Generating Recombinant MVAs

Generation of rMVA BTV-8 VP2, rMVA BTV-8 VP5 and rMVA BTV-6 VP7 was done following standard methods [28]. Seg-7 was cloned from BTV-6 due to problems in cloning Seg-7 from BTV-8. However, it is a highly conserved segment used to identify the two phylogenetic groups [9] and was used in generating rMVA since blast analysis suggests BTV-6 Seg-7 and BTV-8 Seg-7 shares 95% amino acid identity. Briefly, the genes of interest were amplified from pBRT7 BTV-8 Seg-2 NET2006/07, pBRT7 BTV-8 NET2006/07 Seg-6 and pBRT7 BTV-6 NET2006/07 Seg-7 by PCR using gene specific primers (Table 1) containing a SmaI restriction site and cloned into the SmaI site of the standard vaccinia transfer vector pSC-11, downstream of the P7.5 vaccinia promoter, generating plasmids pSC-11 BTV-8 Seg- 2, pSC-11 BTV-8 Seg- 6 and pSC-11 BTV-6 Seg-7, respectively. DF-1 cells infected with MVA at an MOI of 0.1 were transfected with these recombinant plasmids using Lipofectamine™ 2000 Transfection Reagent (Invitrogen), to insert the pSC11 expression cassettes into the thymidine kinase gene locus of the MVA genome by homologous recombination. Recombinant viruses were selected by picking blue plaques following staining with X-gal and amplified in DF-1 cells. Transcription of BTV genes was checked by RT-PCR using specific primers (Table 1) and protein expression checked as detailed below.

Total RNA Extraction and RT-PCR

CEF were infected with rMVA BTV-8VP2, rMVA BTV-8 VP5 or rMVA BTV-6 VP7. At 24 hours post infection, the infected cells were harvested and centrifuged at 3000 rpm for 5 min. RNA was extracted from the pellet using RNeasy (Qiagen). RT-PCR was performed using Transcriptor One- Step RT-PCR kit (Roche) using primers BTV-8VP2F/VAC, BTV-8VP2R/VAC, BTV-8VP5F/VAC, BTV-8VP5R/VAC, BTV6-VP7F/VAC, and BTV-6VP7R/VAC (Table 1). Wild type MVA was used as negative control.

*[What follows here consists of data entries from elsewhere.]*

lemma has_sum_summand_fixed_n_j:
  "((\<lambda>(l, p). summand (n, j, l, p))
     has_sum lead n j * suminf (tail j) * (qpoch (x1 * x2 * t) Q j / qpoch_inf (x1 * x2 * t) Q)) UNIV"
proof -
  let ?E = "qpoch (x1 * x2 * t) Q j / qpoch_inf (x1 * x2 * t) Q"
  have tail: "(tail j has_sum suminf (tail j)) UNIV"
    by (rule norm_summable_imp_has_sum[OF summable_norm_tail summable_sums[OF summable_norm_cancel]])
      (rule summable_norm_tail)
  have "norm (x1 * x2 * t * Q ^ j) < 1"
    using norm_mult_power_le[OF Q, of "x1 * x2 * t" j] norm_products_lt_1(1) by simp
  then have euler: "(euler j has_sum ?E) UNIV"
    unfolding euler_def[abs_def]
    by (rule norm_summable_imp_has_sum[OF summable_norm_q_exp[OF Q]
        sums_qpoch_divide_qpoch_inf[OF Q norm_products_lt_1(1)]])
  have "(\<lambda>(l, p). summand (n, j, l, p)) summable_on UNIV"
    using summable_on_Pair_section[OF summable_on_Pair_section[OF summable_summand]]
    by (simp add: case_prod_unfold)
  moreover have "((\<lambda>p. summand (n, j, l, p)) has_sum lead n j * tail j l * ?E) UNIV" for l
    unfolding summand_def using has_sum_cmult_right[OF euler, of "lead n j * tail j l"] by simp
  moreover have "((\<lambda>l. lead n j * tail j l * ?E) has_sum lead n j * suminf (tail j) * ?E) UNIV"
    by (intro has_sum_cmult_left has_sum_cmult_right tail)
  ultimately have "((\<lambda>(l, p). summand (n, j, l, p)) has_sum lead n j * suminf (tail j) * ?E) (UNIV \<times> UNIV)"
    by (intro has_sum_SigmaI) auto
  then show ?thesis
    by simp
qed

lemma sums_summand_by_n:
  "(\<lambda>n. \<Sum>j\<le>n. lead n j * suminf (tail j) * (qpoch (x1 * x2 * t) Q j / qpoch_inf (x1 * x2 * t) Q))
     sums infsum summand UNIV"
proof -
  define W where "W n j = lead n j * suminf (tail j) * (qpoch (x1 * x2 * t) Q j / qpoch_inf (x1 * x2 * t) Q)" for n j
  have fixed_n: "((\<lambda>r. summand (n, r)) has_sum (\<Sum>j\<le>n. W n j)) UNIV" for n
  proof -
    have "(W n has_sum (\<Sum>j\<le>n. W n j)) {..n}"
      by (rule has_sum_finite) simp
    also have "?this \<longleftrightarrow> (W n has_sum (\<Sum>j\<le>n. W n j)) UNIV"
      by (rule has_sum_cong_neutral) (auto simp: W_def lead_eq_0)
    finally have "(W n has_sum (\<Sum>j\<le>n. W n j)) UNIV" .
    moreover have "(\<lambda>r. summand (n, r)) summable_on UNIV"
      by (rule summable_on_Pair_section[OF summable_summand])
    ultimately have "((\<lambda>(j, r). summand (n, j, r)) has_sum (\<Sum>j\<le>n. W n j)) (UNIV \<times> UNIV)"
      using has_sum_summand_fixed_n_j unfolding W_def
      by (intro has_sum_SigmaI) (auto simp: case_prod_unfold)
    then show ?thesis
      by (simp add: case_prod_unfold)
  qed
  have "((\<lambda>(n, r). summand (n, r)) has_sum infsum summand UNIV) (UNIV \<times> UNIV)"
    using summable_summand by (simp add: case_prod_unfold)
  then have "((\<lambda>n. \<Sum>j\<le>n. W n j) has_sum infsum summand UNIV) UNIV"
    by (rule has_sum_SigmaD) (simp add: fixed_n)
  then show ?thesis
    unfolding W_def by (rule has_sum_imp_sums)
qed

Detection of VP2, VP5 and VP7 Expressed by Recombinant MVAs or pCI-neo Plasmids by Indirect Immunofluorescence Assay

Detection of BTV proteins expressed by rMVAs or pCI-neo plasmids was carried out by indirect immunofluorescence assay. CEF cells were grown on cover slips and infected with rMVAs at a MOI of 0.1. On the other hand, Vero cells were transfected with the BTV pCI-neo plasmids using Lipofectamine 2000 (Invitrogen). After 24 h, cells were fixed with 4% paraformaldehyde for 30 min at room temperature. Permeabilization was performed with 0.4% Triton for 15 minutes before incubation with a PBS-20%FBS for 1 hour at room temperature. The cells were reacted with a serum from sheep infected with BTV-8 diluted 1∶800 in PBS-2%FBS for 2 h at 37°C, following washing with PBS. Alexa 488 conjugated polyclonal donkey anti-sheep IgG (Invitrogen) diluted 1∶1000 was used for fluorescent studies. Cells were washed and incubated for 5 minutes with DAPI. Finally cover slips were washed, mounted on glass slides and observed by confocal microscopy.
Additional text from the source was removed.